London and New York: Routledge, 2020, 266 p.
Justine Gonneaud
Référence(s) :

Susana Onega et, Jean-Michel Ganteau (eds.), Transcending the Postmodern: The Singular Response of Literature to the Transmodern Paradigm. London and New York: Routledge, 2020, 266 pages. ISBN 9781003037583.

Texte intégral

1Since the inception of transmodernity, a term coined in 1989 by Spanish philosopher and feminist Rosa Maria Rodriguez Magda, few academic works have tackled the notion through the prism of literature, as it has been mainly developed in contemporary philosophy and used as an operative tool to conceptualize new paradigms in the fields of sociology, education and economy. In 2019, Jessica Aliaga-Lavrijsen and José María Yebra-Pertusa’s Transmodern Perspectives on Contemporary Literatures in English initiated a dialogue on the concept of transmodernity and contemporary authors’ responses to it in terms of representation, while thoroughly questioning and elucidating the concept. The present collection of essays, Transcending the Postmodern: The Singular Response of Literature to the Transmodern Paradigm, edited by Jean-Michel Ganteau and Susana Onega, further develops that volume and confirms the importance of the transmodern paradigm in contemporary literature and its relevance to the field of literary studies.
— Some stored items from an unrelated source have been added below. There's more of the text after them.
(* Let $\phi\in J_{k_1,m_1}(\mathcal O_K)$ and $\psi\in J_{k_2,m_2}(\mathcal O_K)$. Then (i) $m_1\phi\,\psi_{(2)}-m_2\psi\,\phi_{(2)}$ is a Hermitian Jacobi form of weight $k_1+k_2+1$ and index $m_1+m_2$, i.e. lies in $J_{k_1+k_2+1,m_1+m_2}(\mathcal O_K)$; (ii) $\bigl(m_1\phi\,\psi_{(1)}-m_2\psi\,\phi_{(1)}\bigr)^2+m_1\phi^2\bigl(\psi_{(1)}^2-\psi\,\psi_{(1,1)}\bigr)+m_2\psi^2\bigl(\phi_{(1)}^2-\phi\,\phi_{(1,1)}\bigr)$ lies in $J_{2(k_1+k_2+1),\,2(m_1+m_2)}(\mathcal O_K)$.
   Context: Notation: $\mathcal H$ is the upper half plane, $e(x)=e^{2\pi i x}$, $K=\mathbb Q(i)$, $\mathcal O_K=\mathbb Z[i]$, $\mathcal O_K^\times=\{\pm1,\pm i\}$, $N(x)=x\bar x$, $\mathcal O_K^\sharp=\frac i2\mathcal O_K$. For integers $k,m$, $\epsilon\in\mathcal O_K^\times$, $M=\begin{pmatrix}a&b\\c&d\end{pmatrix}\in SL(2,\mathbb Z)$ and $\phi$ a function on $\mathcal H\times\mathbb C^2$: $(\phi|_{k,m}\epsilon M)(\tau,z_1,z_2)=\epsilon^{-k}(c\tau+d)^{-k}e^{-2\pi i m c z_1z_2/(c\tau+d)}\phi\bigl(M\tau,\tfrac{\epsilon z_1}{c\tau+d},\tfrac{\bar\epsilon z_2}{c\tau+d}\bigr)$, $M\tau=\frac{a\tau+b}{c\tau+d}$; for $\lambda,\mu\in\mathcal O_K$, $(\phi|_m[\lambda,\mu])(\tau,z_1,z_2)=e^{2\pi i m(N(\lambda)\tau+\bar\lambda z_1+\lambda z_2)}\phi(\tau,z_1+\lambda\tau+\mu,z_2+\bar\lambda\tau+\bar\mu)$. For positive integers $k,m$, $J_{k,m}(\mathcal O_K)$ is the space of holomorphic $\phi:\mathcal H\times\mathbb C^2\to\mathbb C$ with $\phi|_{k,m}\epsilon M=\phi$ for all $\epsilon\in\mathcal O_K^\times$, $M\in SL(2,\mathbb Z)$, $\phi|_m[\lambda,\mu]=\phi$ for all $\lambda,\mu\in\mathcal O_K$, and with a Fourier expansion $\phi=\sum_{n\ge0}\sum_{r\in\mathcal O_K^\sharp,\ nm\ge N(r)}c_\phi(n,r)\,e(n\tau+rz_1+\bar rz_2)$. For a function $\phi$ on $\mathcal H\times\mathbb C^2$, $\phi_{(j)}=\partial\phi/\partial z_j$ ($j=1,2$) and $\phi_{(r,s)}=\partial^2\phi/\partial z_s\partial z_r$. *)

theory Defs
  imports "HOL-Analysis.Analysis"
begin

definition ee :: "complex \<Rightarrow> complex" where
  "ee x = exp (2 * complex_of_real pi * \<i> * x)"

definition gauss_ints :: "complex set" where
  "gauss_ints = {of_int a + \<i> * of_int b | a b. True}"

definition gauss_units :: "complex set" where
  "gauss_units = {1, -1, \<i>, -\<i>}"

definition gauss_dual :: "complex set" where
  "gauss_dual = {(\<i> / 2) * x | x. x \<in> gauss_ints}"

definition normK :: "complex \<Rightarrow> complex" where
  "normK x = x * cnj x"

definition holo3 :: "(complex \<Rightarrow> complex \<Rightarrow> complex \<Rightarrow> complex) \<Rightarrow> bool" where
  "holo3 f \<longleftrightarrow> (\<forall>\<tau> z1 z2. Im \<tau> > 0 \<longrightarrow>
     (\<exists>A B C. ((\<lambda>(t, x, y). f t x y) has_derivative (\<lambda>(u, v, w). A * u + B * v + C * w))
        (at (\<tau>, z1, z2))))"

definition slash :: "nat \<Rightarrow> nat \<Rightarrow> complex \<Rightarrow> int \<Rightarrow> int \<Rightarrow> int \<Rightarrow> int \<Rightarrow>
    (complex \<Rightarrow> complex \<Rightarrow> complex \<Rightarrow> complex) \<Rightarrow> complex \<Rightarrow> complex \<Rightarrow> complex \<Rightarrow> complex" where
  "slash k m \<epsilon> a b c d \<phi> \<tau> z1 z2 =
     inverse (\<epsilon> ^ k) * inverse ((of_int c * \<tau> + of_int d) ^ k)
     * exp (- 2 * complex_of_real pi * \<i> * of_nat m * of_int c * z1 * z2 / (of_int c * \<tau> + of_int d))
     * \<phi> ((of_int a * \<tau> + of_int b) / (of_int c * \<tau> + of_int d))
          (\<epsilon> * z1 / (of_int c * \<tau> + of_int d)) (cnj \<epsilon> * z2 / (of_int c * \<tau> + of_int d))"

definition heis :: "nat \<Rightarrow> complex \<Rightarrow> complex \<Rightarrow>
    (complex \<Rightarrow> complex \<Rightarrow> complex \<Rightarrow> complex) \<Rightarrow> complex \<Rightarrow> complex \<Rightarrow> complex \<Rightarrow> complex" where
  "heis m l \<mu> \<phi> \<tau> z1 z2 =
     exp (2 * complex_of_real pi * \<i> * of_nat m * (normK l * \<tau> + cnj l * z1 + l * z2))
     * \<phi> \<tau> (z1 + l * \<tau> + \<mu>) (z2 + cnj l * \<tau> + cnj \<mu>)"

text \<open>J_{k,m}(O_K): Hermitian Jacobi forms of weight k and index m (functions are
  considered on H x C^2, i.e. for Im tau > 0).\<close>
definition HJF :: "nat \<Rightarrow> nat \<Rightarrow> (complex \<Rightarrow> complex \<Rightarrow> complex \<Rightarrow> complex) \<Rightarrow> bool" where
  "HJF k m \<phi> \<longleftrightarrow>
     holo3 \<phi>
   \<and> (\<forall>\<epsilon>\<in>gauss_units. \<forall>a b c d. a * d - b * c = 1 \<longrightarrow>
        (\<forall>\<tau> z1 z2. Im \<tau> > 0 \<longrightarrow> slash k m \<epsilon> a b c d \<phi> \<tau> z1 z2 = \<phi> \<tau> z1 z2))
   \<and> (\<forall>l\<in>gauss_ints. \<forall>\<mu>\<in>gauss_ints.
        (\<forall>\<tau> z1 z2. Im \<tau> > 0 \<longrightarrow> heis m l \<mu> \<phi> \<tau> z1 z2 = \<phi> \<tau> z1 z2))
   \<and> (\<exists>cf :: nat \<Rightarrow> complex \<Rightarrow> complex. \<forall>\<tau> z1 z2. Im \<tau> > 0 \<longrightarrow>
        ((\<lambda>(n, r). cf n r * ee (of_nat n * \<tau> + r * z1 + cnj r * z2)) has_sum \<phi> \<tau> z1 z2)
          {(n, r). r \<in> gauss_dual \<and> (cmod r)\<^sup>2 \<le> real (n * m)})"

definition pd1 :: "(complex \<Rightarrow> complex \<Rightarrow> complex \<Rightarrow> complex) \<Rightarrow> complex \<Rightarrow> complex \<Rightarrow> complex \<Rightarrow> complex" where
  "pd1 \<phi> \<tau> z1 z2 = deriv (\<lambda>w. \<phi> \<tau> w z2) z1"

definition pd2 :: "(complex \<Rightarrow> complex \<Rightarrow> complex \<Rightarrow> complex) \<Rightarrow> complex \<Rightarrow> complex \<Rightarrow> complex \<Rightarrow> complex" where
  "pd2 \<phi> \<tau> z1 z2 = deriv (\<lambda>w. \<phi> \<tau> z1 w) z2"

end

theory Submission
  imports Defs
begin

text \<open>
  Membership in J_{k,m}(O_K) consists of a Fourier expansion supported on
  {(n, r). r \<in> O_K^#, |r|^2 \<le> nm}, invariance under the slash action, and invariance
  under the Heisenberg action; the three requirements are handled separately.
  (1) An absolutely convergent series of terms c(n,r) e(n\<tau> + r z1 + cnj r z2) on the upper
      half plane converges with an exponential margin in n + |r|, so it may be differentiated
      termwise: the sum is holomorphic and its z-derivatives have expansions on the same
      support.  Cauchy products and the inequality |r1 + r2|^2 \<le> (n1 + n2)(m1 + m2) show that
      expansions of index m1 and m2 multiply to one of index m1 + m2.
  (2) Both actions are transformation laws \<phi>(\<tau>', p1 z1 + q1, p2 z2 + q2) =
      C e^{m Q(z1,z2)} \<phi>(\<tau>, z1, z2) with Q affine in each variable.  Differentiating such a
      law, the inhomogeneous terms cancel in the two combinations, which therefore transform
      with the factor C1 C2 e^{(m1+m2)Q} / p2, resp. (C1 C2 / p1)^2 e^{2(m1+m2)Q}.
  (3) For the slash and Heisenberg actions these factors are exactly the automorphy factors
      of the new weight and index.
\<close>

section \<open>Convergence of Hermitian Jacobi Fourier series\<close>

lemma ee_add: "ee (x + y) = ee x * ee y"
  unfolding ee_def by (simp add: distrib_left exp_add)

lemma norm_ee: "norm (ee x) = exp (- 2 * pi * Im x)"
  unfolding ee_def by simp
2The introduction brings the reader up to speed with the conceptual tenets of transmodernism as conceived by Magda, before exploring the subsequent—and at times contradictory—acceptations of the term as revised by Ateljevic and Rifkin, Ghisi, Dussel or Sardar among others. While Magda sees Transmodernity as a new paradigm, or as a totalizing synthesis that transcends and combines elements of both Modernism and Postmodernism—two concepts that have lost momentum and relevance to the connectivity and fluidity of a contemporary globalized, digitalized and interconnected world; Enrique Dussel ‘employs the term “transmodern” to designate those theories arising out of the Third World that vindicate a proper space for Latin-American cultures in front of Modernity and seeks to incorporate into it the look of the postcolonial other’ (3). Irena Ateljevic has a more optimistic outlook on transmodernity that she understands as a ‘major global mind-change’ (4) or as the emergence of a growing worldwide awareness about the future of humanity and of the planet in which she sees potentialities for change in the future rather than a deterioration of old concepts.
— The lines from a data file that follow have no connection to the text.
subsection \<open>Duality for the capacitated assignment problem\<close>

lemma sum_assignment_eq_sum_card_fibres:
  fixes f :: "'l \<Rightarrow> 'a::comm_semiring_1"
  assumes "finite I" and "finite L" and "\<forall>i\<in>I. \<sigma> i \<in> L"
  shows "(\<Sum>i\<in>I. f (\<sigma> i)) = (\<Sum>l\<in>L. of_nat (card {i\<in>I. \<sigma> i = l}) * f l)"
  using sum.group[OF assms(1,2), of \<sigma> "\<lambda>i. f (\<sigma> i)"] assms(3) by (simp add: image_subset_iff)

lemma assignment_fills_capacities:
  assumes "finite I" and "finite L" and "card I = (\<Sum>l\<in>L. c l)" and "is_assignment I L c \<sigma>"
    and "l \<in> L"
  shows "card {i\<in>I. \<sigma> i = l} = c l"
proof (rule ccontr)
  assume "card {i\<in>I. \<sigma> i = l} \<noteq> c l"
  moreover have le: "\<forall>l\<in>L. card {i\<in>I. \<sigma> i = l} \<le> c l"
    using assms(4) unfolding is_assignment_def by blast
  ultimately have "(\<Sum>l\<in>L. card {i\<in>I. \<sigma> i = l}) < (\<Sum>l\<in>L. c l)"
    using sum_strict_mono_ex1[OF assms(2) le] assms(5) by fastforce
  moreover have "(\<Sum>l\<in>L. card {i\<in>I. \<sigma> i = l}) = card I"
    using sum_assignment_eq_sum_card_fibres[OF assms(1,2), of \<sigma> "\<lambda>_. 1::nat"] assms(4)
    unfolding is_assignment_def by simp
  ultimately show False
    using assms(3) by simp
qed

lemma finite_pos_lower_bound:
  fixes f :: "'a \<Rightarrow> real"
  assumes "finite A"
  obtains e where "0 < e" and "\<And>a. a \<in> A \<Longrightarrow> 0 < f a \<Longrightarrow> e \<le> f a"
proof
  let ?e = "Min (insert 1 (f ` {a\<in>A. 0 < f a}))"
  show "0 < ?e"
    using assms by simp
  show "?e \<le> f a" if "a \<in> A" "0 < f a" for a
    using assms that by (intro Min_le) auto
qed

lemma dual_objective_perturb:
  assumes "finite I" and "finite L" and "card I = (\<Sum>l\<in>L. c l)" and "S \<subseteq> I" and "N \<subseteq> L"
  shows "dual_objective I L c (\<lambda>i. u i - e * of_bool (i \<in> S) + t) (\<lambda>l. v l + e * of_bool (l \<in> N) - t)
    = dual_objective I L c u v - e * (real (card S) - (\<Sum>l\<in>N. real (c l)))"
proof -
  have "(\<Sum>i\<in>I. e * of_bool (i \<in> S)) = e * card S"
    using assms(1,4) by (simp add: Int_absorb1 flip: sum_distrib_left)
  moreover have "(\<Sum>l\<in>L. real (c l) * (e * of_bool (l \<in> N))) = e * (\<Sum>l\<in>N. real (c l))"
    using assms(2,5) by (simp add: mult.left_commute Int_absorb1 flip: sum_distrib_left)
  moreover have "(\<Sum>l\<in>L. real (c l) * t) = card I * t"
    using assms(3) by (simp flip: sum_distrib_right)
  ultimately show ?thesis
    by (simp add: dual_objective_def sum.distrib sum_subtractf right_diff_distrib distrib_left)
qed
3In order to reflect the multiple aspects of the umbrella term ‘Transmodernity’, and the international interest it has generated, as it was theorized by thinkers inside and outside a European philosophical tradition, the essays gathered here cover a variety of geographical areas, represented by contemporary authors of English expression from Australia, Great Britain, India or the United States. They also address a broad range of contemporary issues suggested by the complexity of transmodernity itself, such as memory and myths, identity and humanity, multiculturalism, terrorism, vulnerability and solidarity or the advent of new technologies and ecology in a globalised context.
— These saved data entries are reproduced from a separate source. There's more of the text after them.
lemma conv2_seq_exp_tilt: "conv2_seq (exp_tilt \<gamma> a) n = exp (\<gamma> * real n) * conv2_seq a n"
  unfolding conv2_seq_def exp_tilt_def sum_distrib_left
proof (intro sum.cong refl)
  fix k assume "k \<in> {..n}"
  then have "exp (\<gamma> * real k) * exp (\<gamma> * real (n - k)) = exp (\<gamma> * real n)"
    by (simp add: of_nat_diff algebra_simps flip: exp_add)
  then show "exp (\<gamma> * real k) * a k * (exp (\<gamma> * real (n - k)) * a (n - k)) =
      exp (\<gamma> * real n) * (a k * a (n - k))"
    by (metis mult.assoc mult.left_commute)
qed

lemma conv2_seq_exp_tilt_ratio:
  "conv2_seq (exp_tilt \<gamma> a) n / exp_tilt \<gamma> a n = conv2_seq a n / a n"
  by (simp add: conv2_seq_exp_tilt exp_tilt_def)

lemma sum_conv2_seq_triangle:
  "(\<Sum>n\<le>X. conv2_seq a n) = (\<Sum>(i, j)\<in>{(i, j). i + j \<le> X}. a i * a j)"
  unfolding conv2_seq_def by (rule sum.triangle_reindex_eq[symmetric])

lemma conv2_seq_ge_twice_head:
  assumes nonneg: "\<And>k. 0 \<le> a k" and "2 * K < n"
  shows "2 * (\<Sum>k\<le>K. a k * a (n - k)) \<le> conv2_seq a n"
proof -
  let ?f = "\<lambda>k. a k * a (n - k)"
  have inj: "inj_on (\<lambda>k. n - k) {..K}"
    using assms(2) by (intro inj_onI) auto
  have "(\<Sum>k\<in>(\<lambda>k. n - k) ` {..K}. ?f k) = (\<Sum>k\<le>K. ?f (n - k))"
    by (simp add: sum.reindex[OF inj])
  also have "\<dots> = (\<Sum>k\<le>K. ?f k)"
    using assms(2) by (intro sum.cong) (auto simp: mult.commute)
  finally have mirror: "(\<Sum>k\<in>(\<lambda>k. n - k) ` {..K}. ?f k) = (\<Sum>k\<le>K. ?f k)" .
  have "2 * (\<Sum>k\<le>K. ?f k) = (\<Sum>k\<in>{..K} \<union> (\<lambda>k. n - k) ` {..K}. ?f k)"
    using assms(2) mirror by (subst sum.union_disjoint) auto
  also have "\<dots> \<le> (\<Sum>k\<le>n. ?f k)"
    using assms(2) by (intro sum_mono2) (auto intro: mult_nonneg_nonneg nonneg)
  finally show ?thesis by (simp add: conv2_seq_def)
qed

lemma sum_Un_le_nonneg:
  fixes f :: "'a \<Rightarrow> real"
  assumes "finite A" "finite B" "\<And>x. 0 \<le> f x"
  shows "sum f (A \<union> B) \<le> sum f A + sum f B"
  using sum_Un[OF assms(1,2), of f] sum_nonneg[of "A \<inter> B" f, OF assms(3)] by linarith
4All three essays of the first part dedicated to the ‘Poetics of Transmodernity’ explore the use of generic experimentation to provide visions of the fluid, interconnected, unstable reality of selves and worlds relevant to the transmodern paradigm. In “The Transmodern Poetics of David Mitchell’s Cloud Atlas: Generic Hybridity, Narrative Embedding and Transindividuality”; Susana Onega’s analyses the novel through the prism of Chaos theory, using the motif of the palimpsest as an interpretive device to enlighten the transmodern poetics of the novel. Onega demonstrates that the apparently disjointed structure of the book, its generic hybridity and heterogeneous contents compete with patterns that stress continuity and interconnectedness, such as ‘palimpsestuous’ echoes and spectral connections (28), providing a representation of the world as a ‘multiverse built on the infinite repetition of present moments occurring simultaneously on various scales and belonging in open systems’ (45), allowing to potentially correct mistakes and imagine better alternatives. The motif of the palimpsest is also central to Sara Villamarín-Freire’s examination of the poetics of so-called ‘diasporic’ or ‘transnational’ fictions (52). Through the lens of Enrique Dussel’s definition of transmodernity as a paradigm departing from a Eurocentric conception that postulates a relation of subordination between core Western and peripheral cultures, she focusses first on the relationship between global literature and transmodernism to put to the fore the features they share. Based on Junot Díaz’s novel The Brief Wondrous Life of Oscar Wao, the author establishes that the palimpsestic motive underpinning the metanarrative articulates a discourse of resistance from a liminal position that has incorporated both Western and Non-Western elements, from a diasporican and reasporican point of view. The final essay of this part dedicated to the poetics of transmodernism, Angelo Monaco’s study of Tom McCarthy’s Satin Island, uses the key notion of ‘novel of ideas’ as defined by LeMahieu to study the modes and means of transmission of information and emotions in a globalized world, in order to demonstrate that McCarthy’s mixture of hyperrealist descriptions, modernist stream-of-consciousness techniques, postmodernist metanarrative devices and intertextual references situate Satin Island at ‘the crossroads of transmodernity’ (73).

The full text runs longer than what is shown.